Жены не терпят в доме посторонних самок своего вида и часто бросаются на них и загрызают, при этом риску подвергается и тот, кто привел другую особь. Редко какая жена соглашается на содержание в аквариуме или террариуме, поэтому жену лучше всего содержать в сухом и чистом помещении. Жены много времени проводят за вылизыванием шерстки и чисткой перышек. При этом не надо им мешать, ибо жена с чистой блестящей шерсткой выглядит и чувствует себя гораздо лучше. 
Помещение, в котором содержится жена, необходимо регулярно проветривать. 
Ученые до сих пор спорят - может ли жена мыслить и к единому мнению пока не пришли. 
Молодые экземпляры ведут довольно подвижный образ жизни, шастая с место на место, но более старые проводят больше времени в своем загончике. В подборе жены нужно учитывать не только экстерьер, но и характер экземпляра. Ни в коем случае нельзя дразнить и злить жену - она может огрызнуться и даже укусить. 
Выгуливая жену, необходимо ее крепко держать, иначе она может вырваться и убежать. Поводки для жен употребляются редко. 
Учтите, что на воле жены могут бесконтрольно размножаться. 
Процесс выведения породы "жена домашняя" уходит корнями в каменный век, когда мужчины отлавливали в лесах диких жен и приручали их. 
Жена считает мужа вожаком стаи и поэтому подчиняется ему. Если же жена начинает считать вожаком себя, то к дальнейшей эксплуатации он не пригодна. 
Если же гарантийный срок у нее кончился, нужно ее обменять на такую, которая лучше выполняет команды. 
На воле жены быстро дичают. 
До сих пор нередко встречаются дикие или одичавшие экземпляры, которые можно легко узнать по глазам. 
Жены обладают рядом недостатков, делающими их малопригодными к длительной эксплуатации - жена редко бросается в болото, чтобы принести подстреленную утку, неохотно бегает за брошенной палкой. 
Хорошо выдрессированная жена делает стойку и издает радостные звуки при приходе домой хозяина, облизывая его с ног до головы и помахивая хвостиком. 
При правильной эксплуатации жена прослужит вам долгие годы без замены и ремонта.


Прошу прошения у милых дам, если я Вас задел, но ведь есть и другая инструкция.

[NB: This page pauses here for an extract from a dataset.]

(* Let $p\ge 2$ be an integer. For all $\mathbf r=(r_1,r_2)\in\mathbb Z^2$, \[ {\rm coeff}_{\left[\zeta_1^{r_1},\,\zeta_{2}^{r_2}\right]} F(\zeta_1,\zeta_2;q)=\mathbb{G}_{\mathbf{r}}(\tau). \]
   Context: $q:=e^{2\pi i\tau}$, $\tau\in\mathbb H$. $Q(\mathbf n):=n_1^2+n_2^2-n_1n_2$; $\mathbb N=\{1,2,3,\dots\}$. \begin{align*} F(\zeta_1,\zeta_2;q)&:=\sum_{n_1,n_2\in\mathbb Z}\frac{q^{pQ\left(n_1-\frac1p,\,n_2-\frac1p\right)}}{\left(1-\zeta_1^{-1}\right)\left(1-\zeta_2^{-1}\right)\left(1-\zeta_1^{-1}\zeta_2^{-1}\right)}\Big(\zeta_1^{n_1-1} \zeta_2^{n_2-1} -\zeta_1^{-n_1+n_2-1}\zeta_2^{n_2-1}\\ &\qquad-\zeta_1^{n_1-1}\zeta_2^{-n_2+n_1-1}+\zeta_1^{-n_2-1} \zeta_2^{-n_2+n_1-1}+\zeta_1^{-n_1+n_2-1} \zeta_2^{-n_1-1}-\zeta_1^{-n_2-1}\zeta_2^{-n_1-1}\Big), \end{align*} where each summand is a Laurent polynomial in $\zeta_1,\zeta_2$, and ${\rm coeff}_{[\zeta_1^{r_1},\zeta_2^{r_2}]}$ is the coefficient of $\zeta_1^{r_1}\zeta_2^{r_2}$. For $\boldsymbol\lambda\in\mathbb Q^2$, \begin{multline*} \mathbb{G}_{\boldsymbol{\lambda}}(\tau):=\sum_{\mathbf{n} \in \mathbb N^2} {\rm min}(n_1,n_2)\,q^{p Q\left(\mathbf n+\boldsymbol{\lambda}- \left(\frac1p, \frac1p\right)\right)} \Big(1-q^{2\left(n_1+\lambda_1\right)-\left(n_2+\lambda_2\right)}-q^{2\left(n_2+\lambda_2\right)-\left(n_1+\lambda_1\right)}\\+q^{3\left(n_1+\lambda_1\right)}+q^{3\left(n_2+\lambda_2\right)}-q^{2\left(n_1+\lambda_1\right)+2\left(n_2+\lambda_2\right)}\Big). \end{multline*} *)

theory Defs
  imports "HOL-Analysis.Analysis"
begin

Но я ее куда-то затерял – может у она есть у Вас?




*

----------


## Asteriks

А инструкция для жены по правильной эксплуатации мужа?

----------


## Alex

Так же я признался, что она была утеряна. Отвечая на твой вопрос могу утвердительно сказать да.

----------


## Akasey

не читал что тут писали, извините, но думаю в умении прощать.

----------


## Irina

> не читал что тут писали, извините, но думаю в умении прощать


Скорее в умении любить

----------


## Akasey

где-то в темах читал, что любовь со временем проходит и остаётся только привычка... в это не верю... но думаю умение прощать, ведь если любиш и не прощаеш, то иногда это может привести к необратимым последствиям

----------


## Irina

Можно и не прощать. Успокоиться, помнить, но не колоть при любом удобном случае. А любовь действительно никуда не уходит если она была.

----------


## Akasey

а зачем помнить плохое?если не колоть? тогда забыть нужно обиду, то есть простить

----------


## Irina

Бывают обиды которые не возможно ни простить до конца, ни забыть. Но если человека любишь и он тебе действительно дорог с этим нужно научиться жить.

----------


## vova230

Видел людей проживших долгую совместную жизнь и до сих пор искренне любящих друг друга. И это заметно окружающим.

----------


## Irina

> Видел людей проживших долгую совместную жизнь и до сих пор искренне любящих друг друга. И это заметно окружающим.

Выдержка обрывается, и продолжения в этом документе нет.